Material to process Block Start

(* Let $\mathscr{U}$ be a bounded monomial polyhedron represented by $B\in M_n(\mathbb{Z})$ with $\det B>0$ and $B^{-1}\succeq0$, and let $A=\operatorname{adj}B$. Let $\beta\in(\mathbb{Z}^n)^\dagger$ and $p>0$. Then $\int_{\mathscr{U}}|z^\beta|^p\,dV(z)<\infty$ if and only if $(p\beta+2\cdot\mathbb{1})A\succ0$ (all entries strictly positive).
   Context: A monomial polyhedron defined by $B$ with rows $b^j$ is $\{z\in\mathbb{C}^n:\prod_k|z_k|^{b^j_k}<1\ \forall j\}$, excluding points where a product is undefined due to division by zero. $(\mathbb{Z}^n)^\dagger$ denotes integer row vectors; $z^\beta=\prod_jz_j^{\beta_j}$; $\mathbb{1}=(1,\dots,1)$ row vector; $\succ$ is entrywise strict inequality. *)

theory Defs
  imports "HOL-Analysis.Analysis"
begin

text \<open>Adjugate (classical adjoint) of a square matrix: entry (i,j) is the (j,i) cofactor,
  i.e. the determinant of the matrix obtained from B by replacing row j with the
  i-th standard unit row vector.\<close>
definition adjugate :: "'a::comm_ring_1^'n^'n \<Rightarrow> 'a^'n^'n" where
  "adjugate B = (\<chi> i j. det (\<chi> k. if k = j then axis i 1 else B $ k))"

text \<open>Monomial polyhedron defined by the integer matrix B with rows b^j:
  all z in C^n with prod_k |z_k|^(b^j_k) < 1 for all j, excluding points where
  some product is undefined (a zero coordinate raised to a negative power).\<close>
definition monomial_polyhedron :: "int^'n^'n \<Rightarrow> (complex^'n) set" where
  "monomial_polyhedron B =
     {z. (\<forall>j k. B $ j $ k < 0 \<longrightarrow> z $ k \<noteq> 0) \<and>
         (\<forall>j. (\<Prod>k\<in>UNIV. norm (z $ k) powi (B $ j $ k)) < 1)}"

definition monomial :: "int^'n \<Rightarrow> complex^'n \<Rightarrow> complex" where
  "monomial \<beta> z = (\<Prod>k\<in>UNIV. (z $ k) powi (\<beta> $ k))"

end

theory Submission
  imports Defs "HOL-Real_Asymp.Real_Asymp"
begin

text \<open>
  Almost every \<open>z\<close> has no zero coordinate, and \<open>x\<^sub>k = ln \<bar>z\<^sub>k\<bar>\<close> pushes Lebesgue measure on
  \<open>\<complex>\<^sup>n\<close> forward to the measure on \<open>\<real>\<^sup>n\<close> with density \<open>\<Prod>\<^sub>k 2 pi exp (2 x\<^sub>k)\<close>, because the annulus
  \<open>exp a < \<bar>w\<bar> < exp b\<close> has area \<open>pi (exp (2 b) - exp (2 a))\<close>. The polyhedron becomes the
  simplicial cone \<open>{x. B x < 0}\<close> and \<open>\<bar>z\<^sup>\<beta>\<bar>\<^sup>p\<close> becomes \<open>exp (p \<beta> \<bullet> x)\<close>, so the integral is
  \<open>(2 pi)\<^sup>n\<close> times the integral of \<open>exp (c \<bullet> x)\<close> over that cone, where \<open>c = p \<beta> + 2 \<one>\<close>.
  In the coordinates \<open>y = B x\<close> the exponent is \<open>(c B\<^sup>-\<^sup>1) \<bullet> y\<close> on the negative orthant. If all
  coefficients of \<open>c B\<^sup>-\<^sup>1\<close> are positive, the integrand decays like \<open>exp (- \<epsilon> \<Sum>\<^sub>k \<bar>x\<^sub>k\<bar>)\<close>; if one
  is \<open>\<le> 0\<close>, infinitely many disjoint balls of equal radius along the corresponding edge of the
  cone carry a uniform positive lower bound. Since \<open>adj B = det B \<cdot> B\<^sup>-\<^sup>1\<close> with \<open>det B > 0\<close>, the
  coefficients of \<open>c B\<^sup>-\<^sup>1\<close> and \<open>c adj B\<close> have the same signs.
\<close>

subsection \<open>Lebesgue measure on vectors as a product measure\<close>

lemma borel_measurable_vec_lambda:
  fixes f :: "'b \<Rightarrow> 'n::finite \<Rightarrow> 'a::euclidean_space"
  assumes [measurable]: "\<And>i. (\<lambda>x. f x i) \<in> borel_measurable M"
  shows "(\<lambda>x. \<chi> i. f x i) \<in> borel_measurable M"
proof (subst borel_measurable_euclidean_space, intro ballI)
  fix b :: "'a^'n" assume "b \<in> Basis"
  then obtain i u where "b = axis i u" unfolding Basis_vec_def by auto
  moreover have "(\<lambda>x. f x i \<bullet> u) \<in> borel_measurable M" by measurable
  ultimately show "(\<lambda>x. (\<chi> i. f x i) \<bullet> b) \<in> borel_measurable M"
    by (simp add: inner_axis)
qed

lemma measurable_vec_nth_borel [measurable]:
  "(\<lambda>x::'a::euclidean_space^'n. x $ i) \<in> borel_measurable borel"
  by (intro borel_measurable_continuous_onI continuous_intros)

lemma measurable_vec_lambda_PiM_lborel:
  "(\<lambda>f. \<chi> i. f i) \<in> measurable (PiM UNIV (\<lambda>_::'n::finite. lborel)) (borel :: ('a::euclidean_space^'n) measure)"
  by (rule borel_measurable_vec_lambda) measurable

lemma prod_Basis_real_vec:
  "(\<Prod>b\<in>(Basis :: (real^'n) set). f b) = (\<Prod>k\<in>UNIV. f (axis k 1))"
  by (simp add: Basis_vec_def UNION_singleton_eq_range prod.reindex axis_eq_axis inj_on_def)

lemma lborel_vec_eq_distr_PiM:
  "(lborel :: ('a::euclidean_space^'n) measure) = distr (PiM UNIV (\<lambda>_. lborel)) borel (\<lambda>f. \<chi> i. f i)"
proof (rule lborel_eqI)
  interpret finite_product_sigma_finite "\<lambda>_::'n. (lborel::'a measure)" UNIV by standard auto
  fix l u :: "'a^'n" assume lu: "\<And>b. b \<in> Basis \<Longrightarrow> l \<bullet> b \<le> u \<bullet> b"
  have lu_comp: "\<And>b. b \<in> Basis \<Longrightarrow> l$i \<bullet> b \<le> u$i \<bullet> b" for i
    using lu by (metis inner_axis axis_in_Basis_iff)
  have "(\<lambda>f. \<chi> i. f i) -` box l u \<inter> space (PiM UNIV (\<lambda>_::'n. lborel)) = (\<Pi>\<^sub>E i\<in>UNIV. box (l$i) (u$i))"
    by (auto simp: mem_box Basis_vec_def inner_axis space_PiM PiE_def Pi_iff)
  then have "emeasure (distr (PiM UNIV (\<lambda>_. lborel)) borel (\<lambda>f. \<chi> i. f i)) (box l u)
      = emeasure (PiM UNIV (\<lambda>_::'n. lborel)) (\<Pi>\<^sub>E i\<in>UNIV. box (l$i) (u$i))"
    using measurable_vec_lambda_PiM_lborel by (subst emeasure_distr) auto
  also have "\<dots> = (\<Prod>i\<in>UNIV. emeasure lborel (box (l$i) (u$i)))"
    by (rule emeasure_PiM) auto
  also have "\<dots> = (\<Prod>i\<in>UNIV. ennreal (\<Prod>b\<in>Basis. (u$i - l$i) \<bullet> b))"
    using lu_comp by (subst emeasure_lborel_box_eq) (auto simp: box_eq_empty inner_diff_left not_less)
  also have "\<dots> = ennreal (\<Prod>i\<in>UNIV. \<Prod>b\<in>Basis. (u$i - l$i) \<bullet> b)"
    using lu_comp by (intro prod_ennreal) (auto intro!: prod_nonneg simp: inner_diff_left)
  also have "(\<Prod>i\<in>UNIV. \<Prod>b\<in>Basis. (u$i - l$i) \<bullet> b) = (\<Prod>b\<in>Basis. (u - l) \<bullet> b)"
  proof -
    have "(\<Prod>b\<in>Basis. (u - l) \<bullet> b) = (\<Prod>i\<in>UNIV. \<Prod>b\<in>(\<lambda>v. axis i v) ` Basis. (u - l) \<bullet> b)"
      unfolding Basis_vec_def
      by (subst prod.UNION_disjoint) (auto simp: axis_eq_axis UNION_singleton_eq_range)
    also have "\<dots> = (\<Prod>i\<in>UNIV. \<Prod>b\<in>Basis. (u$i - l$i) \<bullet> b)"
      by (subst prod.reindex) (auto intro!: inj_onI simp: axis_eq_axis inner_axis)
    finally show ?thesis by simp
  qed
  finally show "emeasure (distr (PiM UNIV (\<lambda>_. lborel)) borel (\<lambda>f. \<chi> i. f i)) (box l u)
      = (\<Prod>b\<in>Basis. (u - l) \<bullet> b)" .
qed simp

lemma emeasure_lborel_vec_prod:
  fixes S :: "'n::finite \<Rightarrow> 'a::euclidean_space set"
  assumes [measurable]: "\<And>i. S i \<in> sets borel"
  shows "emeasure lborel {z::'a^'n. \<forall>i. z$i \<in> S i} = (\<Prod>i\<in>UNIV. emeasure lborel (S i))"
proof -
  interpret finite_product_sigma_finite "\<lambda>_::'n. (lborel::'a measure)" UNIV by standard auto
  have "{z::'a^'n. \<forall>i. z$i \<in> S i} \<in> sets borel" by measurable
  moreover have "(\<lambda>f. \<chi> i. f i) -` {z::'a^'n. \<forall>i. z$i \<in> S i} \<inter> space (PiM UNIV (\<lambda>_::'n. lborel))
      = (\<Pi>\<^sub>E i\<in>UNIV. S i)"
    by (auto simp: space_PiM PiE_def Pi_iff)
  ultimately show ?thesis
    by (subst lborel_vec_eq_distr_PiM)
       (simp add: emeasure_distr[OF measurable_vec_lambda_PiM_lborel] emeasure_PiM)
qed

lemma AE_lborel_vec_nth_neq:
  "AE z in (lborel :: ('a::euclidean_space^'n) measure). \<forall>k. z$k \<noteq> c k"
proof -
  have "AE z in (lborel :: ('a^'n) measure). z$k \<noteq> c k" for k
  proof (rule AE_I')
    let ?S = "\<lambda>i. if i = k then {c k} else UNIV"
    have "emeasure lborel {z::'a^'n. \<forall>i. z$i \<in> ?S i} = (\<Prod>i\<in>UNIV. emeasure lborel (?S i))"
      by (rule emeasure_lborel_vec_prod) auto
    also have "\<dots> = 0" by (rule prod_zero) auto
    finally show "{z::'a^'n. \<forall>i. z$i \<in> ?S i} \<in> null_sets lborel"
      by (auto simp: null_sets_def)
  qed auto
  then show ?thesis by (auto intro: AE_finite_allI[where S=UNIV, simplified])
qed

subsection \<open>The logarithmic modulus\<close>

lemma emeasure_lborel_ln_norm_between:
  fixes a b :: real
  shows "emeasure lborel {w::complex. a < ln (norm w) \<and> ln (norm w) < b}
    = ennreal (pi * (exp (2*b) - exp (2*a)))"
proof -
  let ?S = "{w::complex. a < ln (norm w) \<and> ln (norm w) < b}"
  have ln_bounds: "c < ln x \<longleftrightarrow> exp c < x" "ln x < c \<longleftrightarrow> x < exp c" if "x > 0" for c x :: real
    using that by (metis exp_gt_zero ln_exp ln_less_cancel_iff)+
  \<comment> \<open>Since \<open>ln 0 = 0\<close>, the origin may lie in \<open>?S\<close>; it is a null set.\<close>
  have "?S - {0} = ball 0 (exp b) - cball 0 (exp a)"
    by (auto simp: ln_bounds not_le) (use exp_gt_zero less_trans ln_bounds in metis)+
  moreover have "?S \<in> sets lborel" by measurable
  ultimately have "emeasure lborel ?S = emeasure lborel (ball (0::complex) (exp b) - cball 0 (exp a))"
    using emeasure_Diff_null_set[of "{0}" lborel ?S] by (simp add: countable_imp_null_set_lborel)
  also have "\<dots> = ennreal (pi * (exp (2*b) - exp (2*a)))"
  proof (cases "a < b")
    case True
    then have "cball (0::complex) (exp a) \<subseteq> ball 0 (exp b)"
      by (auto intro: order.strict_trans1)
    then have "emeasure lborel (ball (0::complex) (exp b) - cball 0 (exp a))
        = ennreal (pi * exp b ^ 2) - ennreal (pi * exp a ^ 2)"
      by (subst emeasure_Diff) (auto simp: emeasure_cball emeasure_ball eval_unit_ball_vol)
    also have "\<dots> = ennreal (pi * exp b ^ 2 - pi * exp a ^ 2)"
      by (rule ennreal_minus) simp
    finally show ?thesis by (simp add: exp_double[symmetric] right_diff_distrib)
  next
    case False
    then have "ball (0::complex) (exp b) - cball 0 (exp a) = {}"
      by (auto simp: not_less) (meson exp_le_cancel_iff less_imp_le order_trans)
    moreover have "pi * (exp (2*b) - exp (2*a)) \<le> 0"
      using False by (simp add: mult_nonneg_nonpos)
    ultimately show ?thesis by (metis emeasure_empty ennreal_eq_0_iff)
  qed
  finally show ?thesis .
qed

lemma nn_integral_2pi_exp_Ioo:
  fixes a b :: real
  shows "(\<integral>\<^sup>+ t. ennreal (2*pi*exp(2*t)) * indicator {a<..<b} t \<partial>lborel)
    = ennreal (pi * (exp (2*b) - exp (2*a)))"
proof (cases "a < b")
  case True
  have "(\<integral>\<^sup>+ t. ennreal (2*pi*exp(2*t)) * indicator {a<..<b} t \<partial>lborel)
      = (\<integral>\<^sup>+ t. ennreal (2*pi*exp(2*t)) * indicator {a..b} t \<partial>lborel)"
    by (rule nn_integral_cong_AE)
       (use AE_lborel_singleton[of a] AE_lborel_singleton[of b] in \<open>auto split: split_indicator\<close>)
  also have "\<dots> = ennreal (pi * exp (2*b) - pi * exp (2*a))"
    by (rule nn_integral_FTC_Icc[where F="\<lambda>t. pi * exp (2*t)"])
       (use True in \<open>auto intro!: derivative_eq_intros\<close>)
  finally show ?thesis by (simp add: algebra_simps)
next
  case False
  then have "{a<..<b} = {}" by auto
  moreover have "pi * (exp (2*b) - exp (2*a)) \<le> 0" using False by (simp add: mult_nonneg_nonpos)
  ultimately show ?thesis by (simp add: ennreal_eq_0_iff)
qed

Material to process Block End

Your task for the entries above: copy exactly the span starting with the line with "emeasure lborel (box" and going on through the line with "using lu_comp by (intro", both lines included, and nothing else.

▸ Response box:
  also have "\<dots> = (\<Prod>i\<in>UNIV. emeasure lborel (box (l$i) (u$i)))"
    by (rule emeasure_PiM) auto
  also have "\<dots> = (\<Prod>i\<in>UNIV. ennreal (\<Prod>b\<in>Basis. (u$i - l$i) \<bullet> b))"
    using lu_comp by (subst emeasure_lborel_box_eq) (auto simp: box_eq_empty inner_diff_left not_less)
  also have "\<dots> = ennreal (\<Prod>i\<in>UNIV. \<Prod>b\<in>Basis. (u$i - l$i) \<bullet> b)"
    using lu_comp by (intro prod_ennreal) (auto intro!: prod_nonneg simp: inner_diff_left)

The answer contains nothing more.